Des agents fédéraux de l’immigration suspendus après la mort d’un manifestant à Minneapolis

Les agents fédéraux de l’immigration impliqués dans la mort par balle d’un manifestant à Minneapolis ont été suspendus de leurs fonctions, ont rapporté mercredi des médias américains, alors que les critiques contre le président Donald Trump s’intensifient pour avoir défendu les agents de l’Immigration and Customs Enforcement (ICE).

Selon des sources, au moins deux agents qui ont ouvert le feu samedi dernier sur Alex Pretti, un infirmier de 37 ans, ont été placés en congé administratif dans le cadre de la procédure standard après l’incident. Pretti avait été abattu après avoir été immobilisé au sol par plusieurs agents de l’ICE, rapportent les médias.

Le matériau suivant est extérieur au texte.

(* Let $S,T$ be two symmetric scoring functions on $\mathcal{A}^*\times\mathcal{A}^*$. If $\max_{(x,y)\in\mathrm{SET}_{S,T}}x$ has a unique maximiser $(x_0,y_0)$, then $$\max_{\pi\in\nu^*_{n,S}}\frac{T_\pi(X_{[1,n]},Y_{[1,n]})}{n}\to y_0\quad\text{and}\quad\min_{\pi\in\nu^*_{n,S}}\frac{T_\pi(X_{[1,n]},Y_{[1,n]})}{n}\to y_0\quad\text{almost surely as }n\to\infty.$$
   Context: $\mathcal{A}$ finite alphabet, $\mathcal{A}^*=\mathcal{A}\cup\{G\}$ with gap symbol $G$. A symmetric scoring function is $R:\mathcal{A}^*\times\mathcal{A}^*\to\mathbb{R}$ with $R(a,b)=R(b,a)$, $R(G,G)=0$. An alignment of $x_{[1,n]},y_{[1,n]}$ is a pair of increasing sequences $1\le i_1<\dots<i_k\le n$, $1\le j_1<\dots<j_k\le n$; $\Lambda_n$ is the set of them; its score is $R_\nu(x_{[1,n]},y_{[1,n]})=\sum_{\ell}R(x_{i_\ell},y_{j_\ell})+\sum_{i\notin\{i_\ell\}}R(x_i,G)+\sum_{j\notin\{j_\ell\}}R(G,y_j)$. $X_1,X_2,\dots,Y_1,Y_2,\dots$ are i.i.d. random letters from a fixed distribution on $\mathcal{A}$; $L_{n,R}=\max_{\nu\in\Lambda_n}R_\nu(X_{[1,n]},Y_{[1,n]})$, and $\nu^*_{n,R}$ is the random set of $\nu\in\Lambda_n$ attaining this maximum; $\lambda_R$ is the a.s. limit of $L_{n,R}/n$. $\mathrm{SET}_{S,T}=\{(x,y): ax+by\le\lambda_{aS+bT}\ \forall(a,b)\in\mathbb{R}^2\}$, the a.s. Hausdorff limit of the closed convex hulls of $\{(S_\nu/n,T_\nu/n):\nu\in\Lambda_n\}$. *)

theory Defs
  imports "HOL-Probability.Probability"
begin

text \<open>Letters: a finite type 'a; the extended alphabet A* is 'a option, with None = gap G.\<close>

type_synonym 'a score = "'a option \<Rightarrow> 'a option \<Rightarrow> real"

definition symmetric_score :: "'a score \<Rightarrow> bool" where
  "symmetric_score R \<longleftrightarrow> (\<forall>a b. R a b = R b a) \<and> R None None = 0"

definition alignments :: "nat \<Rightarrow> (nat list \<times> nat list) set" where
  "alignments n = {(is, js). length is = length js \<and> sorted_wrt (<) is \<and> sorted_wrt (<) js
      \<and> set is \<subseteq> {1..n} \<and> set js \<subseteq> {1..n}}"

definition align_score ::
  "'a score \<Rightarrow> nat \<Rightarrow> nat list \<times> nat list \<Rightarrow> (nat \<Rightarrow> 'a) \<Rightarrow> (nat \<Rightarrow> 'a) \<Rightarrow> real" where
  "align_score R n \<nu> x y =
     (\<Sum>l<length (fst \<nu>). R (Some (x (fst \<nu> ! l))) (Some (y (snd \<nu> ! l))))
     + (\<Sum>i\<in>{1..n} - set (fst \<nu>). R (Some (x i)) None)
     + (\<Sum>j\<in>{1..n} - set (snd \<nu>). R None (Some (y j)))"

definition opt_score :: "'a score \<Rightarrow> nat \<Rightarrow> (nat \<Rightarrow> 'a) \<Rightarrow> (nat \<Rightarrow> 'a) \<Rightarrow> real" where
  "opt_score R n x y = Max ((\<lambda>\<nu>. align_score R n \<nu> x y) ` alignments n)"

definition opt_alignments ::
  "'a score \<Rightarrow> nat \<Rightarrow> (nat \<Rightarrow> 'a) \<Rightarrow> (nat \<Rightarrow> 'a) \<Rightarrow> (nat list \<times> nat list) set" where
  "opt_alignments R n x y = {\<nu> \<in> alignments n. align_score R n \<nu> x y = opt_score R n x y}"

definition lam :: "'w measure \<Rightarrow> (nat \<Rightarrow> 'w \<Rightarrow> 'a) \<Rightarrow> (nat \<Rightarrow> 'w \<Rightarrow> 'a) \<Rightarrow> 'a score \<Rightarrow> real" where
  "lam M X Y R = (THE c. AE \<omega> in M.
      (\<lambda>n. opt_score R n (\<lambda>i. X i \<omega>) (\<lambda>i. Y i \<omega>) / real n) \<longlonglongrightarrow> c)"

definition SET :: "'w measure \<Rightarrow> (nat \<Rightarrow> 'w \<Rightarrow> 'a) \<Rightarrow> (nat \<Rightarrow> 'w \<Rightarrow> 'a) \<Rightarrow> 'a score \<Rightarrow> 'a score
    \<Rightarrow> (real \<times> real) set" where
  "SET M X Y S T = {(x, y). \<forall>a b. a * x + b * y \<le> lam M X Y (\<lambda>u v. a * S u v + b * T u v)}"

definition iid_letters :: "'w measure \<Rightarrow> 'a pmf \<Rightarrow> (nat \<Rightarrow> 'w \<Rightarrow> 'a) \<Rightarrow> (nat \<Rightarrow> 'w \<Rightarrow> 'a) \<Rightarrow> bool" where
  "iid_letters M p X Y \<longleftrightarrow>
     prob_space.indep_vars M (\<lambda>_. count_space UNIV) (\<lambda>k. case k of Inl i \<Rightarrow> X i | Inr j \<Rightarrow> Y j) UNIV
     \<and> (\<forall>i. distr M (count_space UNIV) (X i) = measure_pmf p)
     \<and> (\<forall>i. distr M (count_space UNIV) (Y i) = measure_pmf p)"

end

theory Submission
  imports Defs
begin

text \<open>
  For every scoring function \<open>R\<close>, \<open>L(n, R) / n\<close> converges almost surely to \<open>lam R\<close>: the expected
  optimal score is superadditive, so Fekete's lemma applies to it, and changing one letter changes
  every alignment score by at most \<open>4 max \<bar>R\<bar>\<close>, so McDiarmid's inequality and Borel--Cantelli
  pull \<open>L(n, R)\<close> to its mean. Moreover \<open>lam R\<close> is Lipschitz in \<open>R\<close>.

  Fix an outcome for which the convergence holds for all rational combinations \<open>a S + b T\<close>. If the
  \<open>\<pi>\<^sub>n\<close> are \<open>S\<close>-optimal and \<open>T(\<pi>\<^sub>n) / n \<rightarrow> l\<close> along a subsequence, then passing to the limit in
  \<open>a L(n, S) + b T(\<pi>\<^sub>n) \<le> L(n, a S + b T)\<close>, first for rational and then by continuity for all
  \<open>(a, b)\<close>, shows \<open>(lam S, l) \<in> SET\<close>. As \<open>x0 \<le> lam S\<close>, uniqueness of the maximiser forces
  \<open>l = y0\<close>; the sequence \<open>T(\<pi>\<^sub>n) / n\<close> is bounded, hence converges to \<open>y0\<close>, in particular for the
  \<open>S\<close>-optimal alignments maximising or minimising \<open>T\<close>.
\<close>

section \<open>Alignments and optimal scores\<close>

lemma alignmentsD:
  assumes "(ks, ls) \<in> alignments n"
  shows "length ks = length ls" "distinct ks" "distinct ls" "set ks \<subseteq> {1..n}" "set ls \<subseteq> {1..n}"
    "sorted_wrt (<) ks" "sorted_wrt (<) ls" "length ks \<le> n" "length ls \<le> n"
proof -
  show len: "length ks = length ls" and sorted: "sorted_wrt (<) ks" "sorted_wrt (<) ls"
    and sub: "set ks \<subseteq> {1..n}" "set ls \<subseteq> {1..n}"
    using assms by (auto simp: alignments_def)
  show dist: "distinct ks" "distinct ls" using sorted by (auto simp: strict_sorted_iff)
  show "length ks \<le> n" "length ls \<le> n"
    using card_mono[OF _ sub(1)] card_mono[OF _ sub(2)] dist by (simp_all add: distinct_card[symmetric])
qed

lemma swap_image_alignments: "prod.swap ` alignments n = alignments n"
proof -
  have "prod.swap \<nu> \<in> alignments n" if "\<nu> \<in> alignments n" for \<nu>
    using that by (cases \<nu>) (simp add: alignments_def)
  then show ?thesis by (metis image_subsetI subset_antisym swap_swap image_eqI subsetI)
qed

lemma finite_alignments: "finite (alignments n)"
proof -
  let ?L = "{xs. set xs \<subseteq> {1..n} \<and> length xs \<le> n}"
  have "alignments n \<subseteq> ?L \<times> ?L" using alignmentsD by fastforce
  moreover have "finite (?L \<times> ?L)" by (intro finite_cartesian_product finite_lists_length_le) auto
  ultimately show ?thesis by (rule finite_subset)
qed

lemma Nil_in_alignments: "([], []) \<in> alignments n"
  by (simp add: alignments_def)

lemma alignments_nonempty: "alignments n \<noteq> {}"
  using Nil_in_alignments by blast

lemma align_score_lincomb:
  "align_score (\<lambda>u v. a * S u v + b * T u v) n \<nu> x y = a * align_score S n \<nu> x y + b * align_score T n \<nu> x y"
  by (simp add: align_score_def sum.distrib sum_distrib_left algebra_simps)

lemma align_score_diff:
  "align_score (\<lambda>u v. S u v - T u v) n \<nu> x y = align_score S n \<nu> x y - align_score T n \<nu> x y"
  by (simp add: align_score_def sum_subtractf algebra_simps)

lemma align_score_swap:
  assumes "length ks = length ls"
  shows "align_score R n (ks, ls) x y = align_score (\<lambda>u v. R v u) n (ls, ks) y x"
  using assms by (simp add: align_score_def)

lemma align_score_cong:
  assumes "\<nu> \<in> alignments n" "\<And>i. i \<in> {1..n} \<Longrightarrow> x i = x' i" "\<And>i. i \<in> {1..n} \<Longrightarrow> y i = y' i"
  shows "align_score R n \<nu> x y = align_score R n \<nu> x' y'"
proof -
  obtain ks ls where \<nu>: "\<nu> = (ks, ls)" by (cases \<nu>)
  note D = alignmentsD[OF assms(1)[unfolded \<nu>]]
  have "ks ! l \<in> {1..n}" "ls ! l \<in> {1..n}" if "l < length ks" for l
  proof -
    have "ks ! l \<in> set ks" "ls ! l \<in> set ls" using that D(1) by simp_all
    then show "ks ! l \<in> {1..n}" "ls ! l \<in> {1..n}" using D(4,5) by blast+
  qed
  then show ?thesis unfolding \<nu> align_score_def using assms(2,3)
    by (intro arg_cong2[where f="(+)"] sum.cong) auto
qed

definition score_norm :: "'a::finite score \<Rightarrow> real" where
  "score_norm R = Max (range (\<lambda>(u, v). \<bar>R u v\<bar>))"

lemma abs_score_le_score_norm: "\<bar>R u v\<bar> \<le> score_norm R"
  unfolding score_norm_def by (rule Max_ge) (auto intro!: image_eqI[of _ _ "(u, v)"])

lemma score_norm_nonneg: "0 \<le> score_norm R"
  using abs_score_le_score_norm[of R None None] by linarith

lemma score_norm_le: "(\<And>u v. \<bar>R u v\<bar> \<le> B) \<Longrightarrow> score_norm R \<le> B"
  unfolding score_norm_def by (intro Max.boundedI) auto

lemma score_norm_swap: "score_norm (\<lambda>u v. R v u) = score_norm R"
proof (rule order_antisym)
  show "score_norm (\<lambda>u v. R v u) \<le> score_norm R"
    by (rule score_norm_le) (rule abs_score_le_score_norm)
  show "score_norm R \<le> score_norm (\<lambda>u v. R v u)"
    by (rule score_norm_le) (use abs_score_le_score_norm[of "\<lambda>u v. R v u"] in simp)
qed

lemma abs_sum_le_card_mult:
  fixes f :: "'b \<Rightarrow> real"
  assumes "\<And>i. i \<in> A \<Longrightarrow> \<bar>f i\<bar> \<le> K"
  shows "\<bar>sum f A\<bar> \<le> real (card A) * K"
  by (rule order.trans[OF sum_abs sum_bounded_above]) (rule assms)

lemma abs_align_score_le:
  assumes "\<nu> \<in> alignments n"
  shows "\<bar>align_score R n \<nu> x y\<bar> \<le> 3 * real n * score_norm R"
proof -
  obtain ks ls where \<nu>: "\<nu> = (ks, ls)" by (cases \<nu>)
  note D = alignmentsD[OF assms[unfolded \<nu>]]
  let ?K = "score_norm R"
  have le_n: "real (card A) * ?K \<le> real n * ?K" if "card A \<le> n" for A :: "nat set"
    using that score_norm_nonneg by (intro mult_right_mono) auto
  have gaps: "card ({1..n} - A) \<le> n" for A :: "nat set"
    using card_mono[of "{1..n}" "{1..n} - A"] by auto
  have "\<bar>\<Sum>l<length ks. R (Some (x (ks ! l))) (Some (y (ls ! l)))\<bar> \<le> real n * ?K"
    using le_n[of "{..<length ks}"] D(8) by (auto intro: order.trans[OF abs_sum_le_card_mult] abs_score_le_score_norm)
  moreover have "\<bar>\<Sum>i\<in>{1..n} - set ks. R (Some (x i)) None\<bar> \<le> real n * ?K"
    using le_n[OF gaps] by (auto intro: order.trans[OF abs_sum_le_card_mult] abs_score_le_score_norm)
  moreover have "\<bar>\<Sum>j\<in>{1..n} - set ls. R None (Some (y j))\<bar> \<le> real n * ?K"
    using le_n[OF gaps] by (auto intro: order.trans[OF abs_sum_le_card_mult] abs_score_le_score_norm)
  ultimately show ?thesis unfolding \<nu> align_score_def fst_conv snd_conv by linarith
qed

lemma abs_align_score_div_le:
  assumes "\<nu> \<in> alignments n"
  shows "\<bar>align_score R n \<nu> x y / real n\<bar> \<le> 3 * score_norm R"
proof (cases "n = 0")
  case False
  then show ?thesis
    using abs_align_score_le[OF assms] by (simp add: abs_divide divide_le_eq mult_ac)
qed (simp add: score_norm_nonneg)

lemma abs_Max_image_diff_le:
  fixes f g :: "'b \<Rightarrow> real"
  assumes "finite A" "A \<noteq> {}" "\<And>a. a \<in> A \<Longrightarrow> \<bar>f a - g a\<bar> \<le> D"
  shows "\<bar>Max (f ` A) - Max (g ` A)\<bar> \<le> D"
proof -
  have "Max (f ` A) \<in> f ` A" "Max (g ` A) \<in> g ` A" using assms by (intro Max_in; auto)+
  then obtain a b where a: "a \<in> A" "f a = Max (f ` A)" and b: "b \<in> A" "g b = Max (g ` A)"
    by (metis imageE)
  have "g a \<le> Max (g ` A)" "f b \<le> Max (f ` A)" using a b assms(1) by (auto intro: Max_ge)
  then show ?thesis using assms(3)[OF a(1)] assms(3)[OF b(1)] a b by linarith
qed

lemma align_score_le_opt_score:
  "\<nu> \<in> alignments n \<Longrightarrow> align_score R n \<nu> x y \<le> opt_score R n x y"
  unfolding opt_score_def by (rule Max_ge) (auto simp: finite_alignments)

La mort de Pretti survient quelques semaines après un autre décès similaire, celui de Renée Good, également tuée par un agent de l’immigration le 7 janvier à Minneapolis, ce qui a alimenté une vague de manifestations et de critiques nationales contre les tactiques des autorités fédérales.

Un porte-parole de l’ICE a indiqué qu’il s’agissait d’un « protocole standard », tout en précisant que les agents avaient été suspendus dans l’attente d’une enquête approfondie.